A cura di Greg Meier, Director, Senior Economist, Global Economics and Strategy di Allianz Global Investors
Nel 2025, ci siamo progressivamente concentrati sui potenziali rischi dei cambiamenti di rotta in corso a Washington DC. Non ci sorprendono quindi né la recente volatilità scatenata dalla guerra commerciale né i commenti del Presidente USA circa un imminente periodo di “transizione” economica.
Per i più pessimisti, la “transizione” di cui parla Trump fa rima con “recessione”. Il ragionamento è il seguente. I tagli alla spesa pubblica equivalgono a una stretta fiscale, per lo meno nel breve periodo.
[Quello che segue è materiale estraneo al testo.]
(* For $n\ge 2$, let $\mathsf{\Lambda}^2(\mathbb{C}^n)$ be the space of $n\times n$ complex skew-symmetric matrices and $\mu$ the structure tensor of the skew-symmetric matrix-vector product $\mathsf{\Lambda}^2(\mathbb{C}^n)\times\mathbb{C}^n\to\mathbb{C}^n$, $(A,x)\mapsto Ax$. Then $\operatorname{rank}(\mu)\le n^2-n-\lceil (n-1)/2\rceil+1$.
   Context: Structure tensor of a bilinear map $\beta:U\times V\to W$: the unique $\mu_\beta\in U^*\otimes V^*\otimes W$ with $\beta(u,v)=\mu_\beta(u,v,\cdot)$. Rank: least number of decomposable tensors summing to the tensor. *)

theory Defs
  imports "HOL-Analysis.Analysis"
begin

definition skew_mats :: "(complex^'n^'n) set" where
  "skew_mats = {A. transpose A = - A}"

definition mat_smul :: "complex \<Rightarrow> complex^'n^'m \<Rightarrow> complex^'n^'m" where
  "mat_smul c A = (\<chi> i j. c * A $ i $ j)"

definition skew_functional :: "(complex^'n^'n \<Rightarrow> complex) \<Rightarrow> bool" where
  "skew_functional f \<longleftrightarrow>
     (\<forall>A\<in>skew_mats. \<forall>B\<in>skew_mats. f (A + B) = f A + f B) \<and>
     (\<forall>A\<in>skew_mats. \<forall>c. f (mat_smul c A) = c * f A)"

definition vec_functional :: "(complex^'n \<Rightarrow> complex) \<Rightarrow> bool" where
  "vec_functional g \<longleftrightarrow>
     (\<forall>x y. g (x + y) = g x + g y) \<and> (\<forall>c x. g (c *s x) = c * g x)"

text \<open>The structure tensor of (A,x) |-> A x, an element of U^* (x) V^* (x) W, is a sum of r
  decomposable tensors a_i (x) b_i (x) w_i iff A x = sum_i a_i(A) b_i(x) w_i for all A in U, x in V.\<close>
definition skew_mv_decomp :: "nat \<Rightarrow> ('n::finite) itself \<Rightarrow> bool" where
  "skew_mv_decomp r _ \<longleftrightarrow>
     (\<exists>(a :: nat \<Rightarrow> complex^'n^'n \<Rightarrow> complex) (b :: nat \<Rightarrow> complex^'n \<Rightarrow> complex)
        (w :: nat \<Rightarrow> complex^'n).
        (\<forall>i<r. skew_functional (a i) \<and> vec_functional (b i)) \<and>
        (\<forall>A\<in>skew_mats. \<forall>x. A *v x = (\<Sum>i<r. (a i A * b i x) *s w i)))"

definition skew_mv_rank :: "('n::finite) itself \<Rightarrow> nat" where
  "skew_mv_rank t = (LEAST r. skew_mv_decomp r t)"

end

theory Submission
  imports Defs
begin

(* Order the indices by the injection to_nat into the naturals. For p < q the entry A_pq of a
   skew-symmetric A contributes A_pq (x_q e_p - x_p e_q) to A x, and
     x_q e_p - x_p e_q = (x_p + x_q) (e_p - e_q) - x_p e_p + x_q e_q.
   The first summands give n(n-1)/2 decomposable tensors; by skew-symmetry the corrections,
   summed over all p < q, collapse to the n decomposable terms -(sum_q A_mq) x_m e_m. Hence the
   rank is at most n(n+1)/2, which is within the bound for n >= 3; for n = 2 the n(n-1) terms
   A_pq x_q e_p with p ~= q suffice. *)

lemma skew_mv_rank_le_card:
  fixes a :: "'i \<Rightarrow> complex^'n^'n \<Rightarrow> complex"
    and b :: "'i \<Rightarrow> complex^'n::finite \<Rightarrow> complex"
    and w :: "'i \<Rightarrow> complex^'n"
  assumes "finite I"
    and "\<And>i. i \<in> I \<Longrightarrow> skew_functional (a i) \<and> vec_functional (b i)"
    and "\<And>A x. A \<in> skew_mats \<Longrightarrow> A *v x = (\<Sum>i\<in>I. (a i A * b i x) *s w i)"
  shows "skew_mv_rank TYPE('n) \<le> card I"
proof -
  obtain h where h: "bij_betw h {..<card I} I"
    using ex_bij_betw_nat_finite[OF \<open>finite I\<close>] by (auto simp: atLeast0LessThan)
  have "A *v x = (\<Sum>k<card I. (a (h k) A * b (h k) x) *s w (h k))" if "A \<in> skew_mats" for A x
    using assms(3)[OF that] sum.reindex_bij_betw[OF h, of "\<lambda>i. (a i A * b i x) *s w i"] by simp
  moreover have "skew_functional (a (h k)) \<and> vec_functional (b (h k))" if "k < card I" for k
    using assms(2) h that by (auto dest: bij_betwE)
  ultimately have "skew_mv_decomp (card I) TYPE('n)"
    unfolding skew_mv_decomp_def comp_def[symmetric]
    by (intro exI[of _ "a \<circ> h"] exI[of _ "b \<circ> h"] exI[of _ "w \<circ> h"]) simp
  then show ?thesis
    unfolding skew_mv_rank_def by (rule Least_le)
qed

lemma skew_mv_rank_le_card_Plus:
  fixes a :: "'i \<Rightarrow> complex^'n^'n \<Rightarrow> complex"
    and b :: "'i \<Rightarrow> complex^'n::finite \<Rightarrow> complex"
    and w :: "'i \<Rightarrow> complex^'n"
    and a' :: "'j \<Rightarrow> complex^'n^'n \<Rightarrow> complex"
    and b' :: "'j \<Rightarrow> complex^'n \<Rightarrow> complex"
    and w' :: "'j \<Rightarrow> complex^'n"
  assumes "finite I" "finite J"
    and "\<And>i. i \<in> I \<Longrightarrow> skew_functional (a i) \<and> vec_functional (b i)"
    and "\<And>j. j \<in> J \<Longrightarrow> skew_functional (a' j) \<and> vec_functional (b' j)"
    and "\<And>A x. A \<in> skew_mats \<Longrightarrow>
           A *v x = (\<Sum>i\<in>I. (a i A * b i x) *s w i) + (\<Sum>j\<in>J. (a' j A * b' j x) *s w' j)"
  shows "skew_mv_rank TYPE('n) \<le> card I + card J"
proof -
  have "skew_mv_rank TYPE('n) \<le> card (I <+> J)"
  proof (rule skew_mv_rank_le_card[where a = "case_sum a a'" and b = "case_sum b b'"
        and w = "case_sum w w'"])
    show "finite (I <+> J)" using assms(1,2) by simp
    show "skew_functional (case_sum a a' k) \<and> vec_functional (case_sum b b' k)"
      if "k \<in> I <+> J" for k
      using that assms(3,4) by (elim PlusE) simp_all
    show "A *v x = (\<Sum>k\<in>I <+> J. (case_sum a a' k A * case_sum b b' k x) *s case_sum w w' k)"
      if "A \<in> skew_mats" for A x
      using assms(5)[OF that] by (simp add: sum.Plus[OF assms(1,2)] comp_def)
  qed
  with assms(1,2) show ?thesis by (simp add: card_Plus)
qed

lemma skew_mats_entry:
  assumes "A \<in> skew_mats"
  shows "A $ j $ i = - A $ i $ j"
proof -
  from assms have "transpose A $ i $ j = (- A) $ i $ j" by (simp add: skew_mats_def)
  then show ?thesis by (simp add: transpose_def)
qed

lemma skew_mats_diag: "A \<in> skew_mats \<Longrightarrow> A $ i $ i = 0"
  using skew_mats_entry[of A i i] by simp

lemma skew_functional_entry: "skew_functional (\<lambda>A. A $ i $ j)"
  by (simp add: skew_functional_def mat_smul_def)

lemma skew_functional_row_sum: "skew_functional (\<lambda>A. \<Sum>q\<in>UNIV. A $ m $ q)"
  by (simp add: skew_functional_def mat_smul_def sum.distrib sum_distrib_left)

lemma vec_functional_component: "vec_functional (\<lambda>x. x $ i)"
  by (simp add: vec_functional_def)

lemma vec_functional_add_components: "vec_functional (\<lambda>x. x $ i + x $ j)"
  by (simp add: vec_functional_def algebra_simps)

lemma sum_case_prod_if_fst:
  assumes "finite S"
  shows "(\<Sum>(p, q)\<in>S. if p = m then f p q else 0) = (\<Sum>q | (m, q) \<in> S. f m q)"
proof -
  have "(\<Sum>(p, q)\<in>S. if p = m then f p q else 0) = (\<Sum>z\<in>{z\<in>S. fst z = m}. f m (snd z))"
    using assms by (subst sum.inter_filter) (auto intro: sum.cong)
  also have "{z\<in>S. fst z = m} = Pair m ` {q. (m, q) \<in> S}" by force
  finally show ?thesis by (simp add: sum.reindex inj_on_def)
qed

lemma sum_case_prod_if_snd:
  assumes "finite S"
  shows "(\<Sum>(p, q)\<in>S. if q = m then f p q else 0) = (\<Sum>p | (p, m) \<in> S. f p m)"
proof -
  have "(\<Sum>(p, q)\<in>S. if q = m then f p q else 0) = (\<Sum>z\<in>{z\<in>S. snd z = m}. f (fst z) m)"
    using assms by (subst sum.inter_filter) (auto intro: sum.cong)
  also have "{z\<in>S. snd z = m} = (\<lambda>p. (p, m)) ` {p. (p, m) \<in> S}" by force
  finally show ?thesis by (simp add: sum.reindex inj_on_def)
qed

lemma to_nat_less_or_greater: "p \<noteq> q \<Longrightarrow> to_nat p < to_nat q \<or> to_nat q < to_nat p"
  by (metis injD inj_to_nat linorder_neqE_nat)

lemma sum_split_at_to_nat:
  fixes f :: "'n::finite \<Rightarrow> 'a::comm_monoid_add"
  shows "(\<Sum>q\<in>UNIV. f q) = (\<Sum>q | to_nat q < to_nat m. f q) + f m + (\<Sum>q | to_nat m < to_nat q. f q)"
proof -
  let ?L = "{q. to_nat q < to_nat m}" and ?G = "{q. to_nat m < to_nat q}"
  have "UNIV = insert m (?L \<union> ?G)"
    using to_nat_less_or_greater[of _ m] by auto
  then have "sum f UNIV = sum f (insert m (?L \<union> ?G))" by (rule arg_cong)
  also have "\<dots> = f m + (sum f ?L + sum f ?G)"
    by (simp add: sum.union_disjoint disjoint_iff)
  finally show ?thesis by (simp add: add_ac)
qed

lemma card_offdiag_pairs: "card {(p, q :: 'n::finite). p \<noteq> q} = CARD('n) * CARD('n) - CARD('n)"
proof -
  have "{(p, q :: 'n). p \<noteq> q} = UNIV \<times> UNIV - range (\<lambda>p. (p, p))" by auto
  moreover have "card (range (\<lambda>p :: 'n. (p, p))) = CARD('n)"
    by (simp add: card_image inj_on_def)
  ultimately show ?thesis
    by (simp add: card_Diff_subset card_cartesian_product)
qed

lemma card_to_nat_less_pairs:
  "2 * card {(p :: 'n::finite, q :: 'n). to_nat p < to_nat q} = CARD('n) * CARD('n) - CARD('n)"
proof -
  let ?S = "{(p :: 'n, q :: 'n). to_nat p < to_nat q}"
  have swap: "prod.swap ` ?S = {(p, q). to_nat q < to_nat p}" by force
  have "{(p, q :: 'n). p \<noteq> q} = ?S \<union> prod.swap ` ?S"
    unfolding swap using to_nat_less_or_greater by auto
  moreover have "?S \<inter> prod.swap ` ?S = {}" unfolding swap by auto
  moreover have "card (prod.swap ` ?S) = card ?S" by (simp add: card_image)
  ultimately show ?thesis
    using card_offdiag_pairs[where 'n = 'n] by (simp add: card_Un_disjoint)
qed

lemma skew_mult_vector_offdiag_expansion:
  assumes "A \<in> skew_mats"
  shows "A *v x = (\<Sum>(p, q)\<in>{(p, q). p \<noteq> q}. (A $ p $ q * x $ q) *s axis p 1)"
proof (unfold vec_eq_iff, intro allI)
  fix m
  let ?O = "{(p, q). p \<noteq> q}"
  have "(\<Sum>(p, q)\<in>?O. (A $ p $ q * x $ q) *s axis p 1) $ m
      = (\<Sum>(p, q)\<in>?O. if p = m then A $ p $ q * x $ q else 0)"
    by (simp add: axis_def split_beta if_distrib[of "times _"] eq_commute[of m] cong: if_cong)
  also have "\<dots> = (\<Sum>q\<in>UNIV - {m}. A $ m $ q * x $ q)"
    by (subst sum_case_prod_if_fst) (simp_all add: set_diff_eq eq_commute)
  also have "\<dots> = (A *v x) $ m"
    using sum.remove[of UNIV m "\<lambda>q. A $ m $ q * x $ q"] skew_mats_diag[OF assms, of m]
    by (simp add: matrix_vector_mult_def)
  finally show "(A *v x) $ m = (\<Sum>(p, q)\<in>?O. (A $ p $ q * x $ q) *s axis p 1) $ m" ..
qed

lemma skew_mv_rank_le_offdiag: "skew_mv_rank TYPE('n::finite) \<le> CARD('n) * CARD('n) - CARD('n)"
proof -
  have "skew_mv_rank TYPE('n) \<le> card {(p, q :: 'n). p \<noteq> q}"
    by (rule skew_mv_rank_le_card[where a = "\<lambda>(p, q) A. A $ p $ q" and b = "\<lambda>(p, q) x. x $ q"
          and w = "\<lambda>(p, q). axis p 1"])
      (auto simp: skew_functional_entry vec_functional_component skew_mult_vector_offdiag_expansion
        split_beta')
  then show ?thesis by (simp only: card_offdiag_pairs)
qed

lemma skew_mult_vector_pair_expansion:
  fixes A :: "complex^'n::finite^'n"
  assumes "A \<in> skew_mats"
  shows "A *v x =
    (\<Sum>(p, q)\<in>{(p, q). to_nat p < to_nat q}. (A $ p $ q * (x $ p + x $ q)) *s (axis p 1 - axis q 1))
    + (\<Sum>m\<in>UNIV. ((\<Sum>q\<in>UNIV. A $ m $ q) * x $ m) *s (- axis m 1))"
proof (unfold vec_eq_iff, intro allI)
  fix m :: 'n
  let ?S = "{(p :: 'n, q :: 'n). to_nat p < to_nat q}"
  let ?P = "\<Sum>(p, q)\<in>?S. (A $ p $ q * (x $ p + x $ q)) *s (axis p 1 - axis q 1)"
  let ?D = "\<Sum>m\<in>UNIV. ((\<Sum>q\<in>UNIV. A $ m $ q) * x $ m) *s (- axis m 1)"
  let ?L = "{q :: 'n. to_nat q < to_nat m}" and ?G = "{q :: 'n. to_nat m < to_nat q}"
  let ?g = "\<lambda>q. A $ m $ q * (x $ m + x $ q)"
  have below: "(\<Sum>p\<in>?L. A $ p $ m * (x $ p + x $ m)) = - (\<Sum>q\<in>?L. ?g q)"
    unfolding sum_negf[symmetric] using skew_mats_entry[OF assms, of _ m]
    by (simp add: algebra_simps)
  have "?P $ m = (\<Sum>(p, q)\<in>?S. if p = m then A $ p $ q * (x $ p + x $ q) else 0)
      - (\<Sum>(p, q)\<in>?S. if q = m then A $ p $ q * (x $ p + x $ q) else 0)"
    by (simp add: axis_def split_beta sum_subtractf[symmetric] right_diff_distrib
        if_distrib[of "times _"] eq_commute[of m] cong: if_cong)
  also have "\<dots> = (\<Sum>q\<in>?G. ?g q) - (\<Sum>p\<in>?L. A $ p $ m * (x $ p + x $ m))"
    by (simp add: sum_case_prod_if_fst sum_case_prod_if_snd)
  also have "\<dots> = (\<Sum>q\<in>?G. ?g q) + (\<Sum>q\<in>?L. ?g q)"
    using below by simp
  also have "\<dots> = (\<Sum>q\<in>UNIV. ?g q)"
    using sum_split_at_to_nat[of ?g m] skew_mats_diag[OF assms, of m] by simp
  also have "\<dots> = (\<Sum>q\<in>UNIV. A $ m $ q) * x $ m + (\<Sum>q\<in>UNIV. A $ m $ q * x $ q)"
    by (simp add: distrib_left sum.distrib sum_distrib_right)
  finally have "?P $ m = (\<Sum>q\<in>UNIV. A $ m $ q) * x $ m + (A *v x) $ m"
    by (simp add: matrix_vector_mult_def)
  moreover have "?D $ m = - ((\<Sum>q\<in>UNIV. A $ m $ q) * x $ m)"
    by (simp add: axis_def if_distrib[of "times _"] sum_negf cong: if_cong)
  ultimately show "(A *v x) $ m = (?P + ?D) $ m"
    by simp
qed

lemma skew_mv_rank_le_pairs:
  "skew_mv_rank TYPE('n::finite) \<le> card {(p :: 'n, q :: 'n). to_nat p < to_nat q} + CARD('n)"
  by (rule skew_mv_rank_le_card_Plus[where a = "\<lambda>(p, q) A. A $ p $ q"
        and b = "\<lambda>(p, q) x. x $ p + x $ q" and w = "\<lambda>(p, q). axis p 1 - axis q 1"
        and a' = "\<lambda>m A. \<Sum>q\<in>UNIV. A $ m $ q" and b' = "\<lambda>m x. x $ m" and w' = "\<lambda>m. - axis m 1"])
    (auto simp: skew_functional_entry skew_functional_row_sum vec_functional_component
      vec_functional_add_components skew_mult_vector_pair_expansion split_beta')

lemma skew_mv_rank_le_triangular: "2 * skew_mv_rank TYPE('n::finite) \<le> CARD('n) * (CARD('n) + 1)"
proof -
  have "CARD('n) \<le> CARD('n) * CARD('n)" by simp
  then have "2 * skew_mv_rank TYPE('n) \<le> CARD('n) * CARD('n) + CARD('n)"
    using skew_mv_rank_le_pairs[where 'n = 'n] card_to_nat_less_pairs[where 'n = 'n] by linarith
  then show ?thesis by (simp add: distrib_left)
qed

lemma ceiling_half_pred: "\<lceil>(real n - 1) / 2\<rceil> = int (n div 2)"
  by (cases "even n") (auto elim!: evenE oddE simp: ceiling_eq_iff)

lemma triangular_le_quadratic_bound:
  assumes "3 \<le> n"
  shows "int n * (int n + 1) \<le> 2 * (int n ^ 2 - int n - int (n div 2) + 1)"
proof -
  consider "n = 3" | "4 \<le> n" using assms by linarith
  then show ?thesis
  proof cases
    case 2
    then have "4 * int n \<le> int n * int n" by (intro mult_right_mono) auto
    moreover have "2 * int (n div 2) \<le> int n" by linarith
    ultimately show ?thesis by (simp add: power2_eq_square algebra_simps)
  qed simp
qed

theorem mainTheorem17:
  assumes "CARD('n::finite) \<ge> 2"
  shows "int (skew_mv_rank TYPE('n))
           \<le> int (CARD('n))^2 - int (CARD('n)) - \<lceil>(real (CARD('n)) - 1) / 2\<rceil> + 1"
proof -
  let ?n = "CARD('n)" and ?r = "skew_mv_rank TYPE('n)"
  have ceil: "\<lceil>(real ?n - 1) / 2\<rceil> = int (?n div 2)" by (rule ceiling_half_pred)
  consider "?n = 2" | "3 \<le> ?n" using assms by linarith
  then show ?thesis
  proof cases
    case 1
    then show ?thesis unfolding ceil using skew_mv_rank_le_offdiag[where 'n = 'n] by simp
  next
    case 2
    have "int (2 * ?r) \<le> int (?n * (?n + 1))"
      using skew_mv_rank_le_triangular[where 'n = 'n] by (simp only: of_nat_le_iff)
    also have "\<dots> \<le> 2 * (int ?n ^ 2 - int ?n - int (?n div 2) + 1)"
      unfolding of_nat_mult of_nat_add of_nat_1 by (rule triangular_le_quadratic_bound[OF 2])
    finally show ?thesis unfolding ceil by simp
  qed
qed

end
Inoltre, i dazi doganali alimentano incertezze e inflazione, rendendo più difficile per le aziende assumere personale, investire e pianificare l’attività con precisione.
Al contempo, le deportazioni di massa potrebbero far salire prezzi e stipendi. Ma anche intaccare la domanda al consumo statunitense, dato che la maggior parte degli immigrati compra prodotti localmente anziché importarli dall’estero.
Queste sono in sostanza le motivazioni comuni che alimentano le discussioni sulla recessione. Si tratta di preoccupazioni in linea con quanto abbiamo già anticipato e del tutto ragionevoli. Eppure non tengono conto di un punto fondamentale.
Perché mai il Presidente Trump dovrebbe rischiare consapevolmente una recessione? Che strategia si cela dietro al suo metodo? Sta emulando il Presidente argentino Javier Milei e il suo “approccio della motosega”? Che cosa potrebbe andare bene?
Iniziamo col dire che il Presidente Trump deve agire subito, perché adesso può permettersi di prendere degli impegni e ha tutto il tempo per rimediare a eventuali danni prima delle elezioni di metà mandato del 2026.
I media danno grande spazio alla guerra commerciale scatenata da Trump, ma molte delle politiche del neo Presidente USA sono di fatto orientate alla crescita. Basti pensare agli sgravi fiscali, alla deregulation, al rimpatrio della produzione, ecc. Queste manovre potrebbero rafforzare l’economia nel tempo.
Precisiamo che, qualora la volatilità legata alla guerra dei dazi dovesse superare la poco chiara “soglia del dolore” di Trump, questi potrebbe facilmente annunciare a sorpresa buoni progressi su un accordo. Potrebbe anche essere successo mentre andiamo in stampa, o forse sta succedendo adesso mentre leggete.
La cosa interessante è questa: i legittimi timori per la crescita degli Stati Uniti potrebbero penalizzare i mercati, ma d’altro canto potrebbero accelerare i tempi per un allentamento della politica monetaria da parte della Federal Reserve e un aumento degli stimoli fiscali. Questo permetterebbe al Presidente Trump di dire agli elettori di aver mantenuto le promesse prima delle elezioni di metà mandato del 2026.